EXERCISE PROMPT: Working from the line that contains "imports Defs" down to the last line below, repeat each line exactly.

** Opening MATERIAL PROVIDED block **

(* Let $p_1,p_2\ge 0$ with $p_1+p_2\le 1$. For every $n\ge 1$, the expected value of the subtree number index of the random spiro chain $RSC(n,p_1,p_2)$ is \[ E(\mathrm{STN}(RSC(n,p_1,p_2)))=\frac{400}{(11+4p_1+p_2)^2}(12+4p_1+p_2)^{n}+\frac{140p_1+35p_2-15}{11+4p_1+p_2}\,n-\frac{400}{(11+4p_1+p_2)^2}+1. \]
   Context: For a graph $G$, $\mathrm{STN}(G)$ is the number of nonempty subtrees of $G$ (subgraphs that are trees, single vertices included). A spiro chain with $n$ hexagons consists of hexagons (6-cycles) $H_1,\dots,H_n$ such that $H_i$ and $H_{i+1}$ share exactly one vertex (a cut vertex) for $i=1,\dots,n-1$, non-consecutive hexagons are vertex-disjoint, and the graph is the union of these hexagons. For $2\le i\le n-1$, $H_i$ contains two distinct cut vertices (shared with $H_{i-1}$ and $H_{i+1}$); their distance in $H_i$ is $1$ (ortho), $2$ (meta) or $3$ (para). The random spiro chain $RSC(n,p_1,p_2)$ is built by stepwise addition of terminal hexagons: for $n\le 2$ the chain is unique, and at each step $i=3,\dots,n$, the new hexagon $H_i$ is attached at a vertex of $H_{i-1}$ which is at distance $1$ (ortho) from the cut vertex shared by $H_{i-1}$ and $H_{i-2}$ with probability $p_1$, at distance $2$ (meta) with probability $p_2$, and at distance $3$ (para) with probability $1-p_1-p_2$, independently at each step. *)

theory Defs
  imports Complex_Main
begin

text \<open>A (finite simple) graph is given by a vertex set V and a set E of edges,
  each edge being a 2-element set of vertices.\<close>

definition adj_rel :: "'a set set \<Rightarrow> ('a \<times> 'a) set" where
  "adj_rel E = {(x, y). {x, y} \<in> E}"

definition connected_graph :: "'a set \<Rightarrow> 'a set set \<Rightarrow> bool" where
  "connected_graph V E \<longleftrightarrow> (\<forall>u\<in>V. \<forall>v\<in>V. (u, v) \<in> (adj_rel E)\<^sup>*)"

definition is_cycle :: "'a set set \<Rightarrow> 'a list \<Rightarrow> bool" where
  "is_cycle E vs \<longleftrightarrow> length vs \<ge> 3 \<and> distinct vs \<and>
     (\<forall>k < length vs. {vs ! k, vs ! ((k + 1) mod length vs)} \<in> E)"

definition acyclic_graph :: "'a set set \<Rightarrow> bool" where
  "acyclic_graph E \<longleftrightarrow> \<not> (\<exists>vs. is_cycle E vs)"

definition is_tree :: "'a set \<Rightarrow> 'a set set \<Rightarrow> bool" where
  "is_tree V E \<longleftrightarrow> V \<noteq> {} \<and> connected_graph V E \<and> acyclic_graph E"

definition subtrees :: "'a set \<Rightarrow> 'a set set \<Rightarrow> ('a set \<times> 'a set set) set" where
  "subtrees V E = {(V', E'). V' \<subseteq> V \<and> E' \<subseteq> E \<and> (\<forall>e\<in>E'. e \<subseteq> V') \<and> is_tree V' E'}"

definition STN :: "'a set \<Rightarrow> 'a set set \<Rightarrow> nat" where
  "STN V E = card (subtrees V E)"

text \<open>Hexagon i (0-indexed, i < n) has positions 0..5 around the cycle. Position 0 of
  hexagon i (for i > 0) is the cut vertex shared with hexagon i-1; it is identified with
  the exit position of hexagon i-1. The exit position of hexagon 0 is 1 (any choice gives
  an isomorphic graph); the exit position of hexagon k (1 \<le> k \<le> n-2) is cs!(k-1) \<in> {1,2,3},
  i.e. the distance (ortho = 1, meta = 2, para = 3) from its entry cut vertex.\<close>

definition spiro_exit :: "nat list \<Rightarrow> nat \<Rightarrow> nat" where
  "spiro_exit cs i = (if i = 0 then 1 else cs ! (i - 1))"

definition spiro_canon :: "nat list \<Rightarrow> nat \<times> nat \<Rightarrow> nat \<times> nat" where
  "spiro_canon cs v = (case v of (i, j) \<Rightarrow>
      if j = 0 \<and> i > 0 then (i - 1, spiro_exit cs (i - 1)) else (i, j))"

definition spiro_V :: "nat \<Rightarrow> nat list \<Rightarrow> (nat \<times> nat) set" where
  "spiro_V n cs = spiro_canon cs ` {(i, j). i < n \<and> j < 6}"

definition spiro_E :: "nat \<Rightarrow> nat list \<Rightarrow> (nat \<times> nat) set set" where
  "spiro_E n cs = (\<lambda>(i, j). {spiro_canon cs (i, j), spiro_canon cs (i, (j + 1) mod 6)})
                    ` {(i, j). i < n \<and> j < 6}"

text \<open>Probability of an attachment choice: 1 = ortho, 2 = meta, 3 = para.\<close>
definition choice_prob :: "real \<Rightarrow> real \<Rightarrow> nat \<Rightarrow> real" where
  "choice_prob p1 p2 c = (if c = 1 then p1 else if c = 2 then p2 else 1 - p1 - p2)"

text \<open>Expected STN of RSC(n,p1,p2): the choices for steps 3..n are independent, so the
  distribution on choice lists of length n-2 is the product distribution.\<close>
definition expected_STN_RSC :: "nat \<Rightarrow> real \<Rightarrow> real \<Rightarrow> real" where
  "expected_STN_RSC n p1 p2 =
     (\<Sum>cs \<in> {cs. length cs = n - 2 \<and> set cs \<subseteq> {1, 2, 3}}.
        (\<Prod>c\<leftarrow>cs. choice_prob p1 p2 c) * real (STN (spiro_V n cs) (spiro_E n cs)))"

end

(* Gluing two graphs at a single cut vertex v, a subtree of the union either avoids v, and then
   lies on one side, or passes through v, and then it is the union of a subtree through v on each
   side. For a spiro chain let a be its number of subtrees and b the number of those through the
   vertex where the next hexagon is attached. Attaching a hexagon whose next attachment vertex is
   at distance d gives a' = a + 15 + 20 b and b' = d (6 - d) + c_d b with c_1, c_2, c_3 = 16, 13, 12,
   all constants being subtree counts of a single hexagon. Averaging over the random choice of d
   yields the linear recurrences E b' = (9 - 4 p1 - p2) + (12 + 4 p1 + p2) E b and
   E a' = E a + 15 + 20 E b, whose solution is the closed formula. *)

theory Submission
  imports Defs
begin

lemma adj_rel_iff [simp]: "(x, y) \<in> adj_rel E \<longleftrightarrow> {x, y} \<in> E"
  by (simp add: adj_rel_def)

** Closing MATERIAL PROVIDED block **

OUTPUT OF THE TASK:
  imports Defs
begin

lemma adj_rel_iff [simp]: "(x, y) \<in> adj_rel E \<longleftrightarrow> {x, y} \<in> E"
  by (simp add: adj_rel_def)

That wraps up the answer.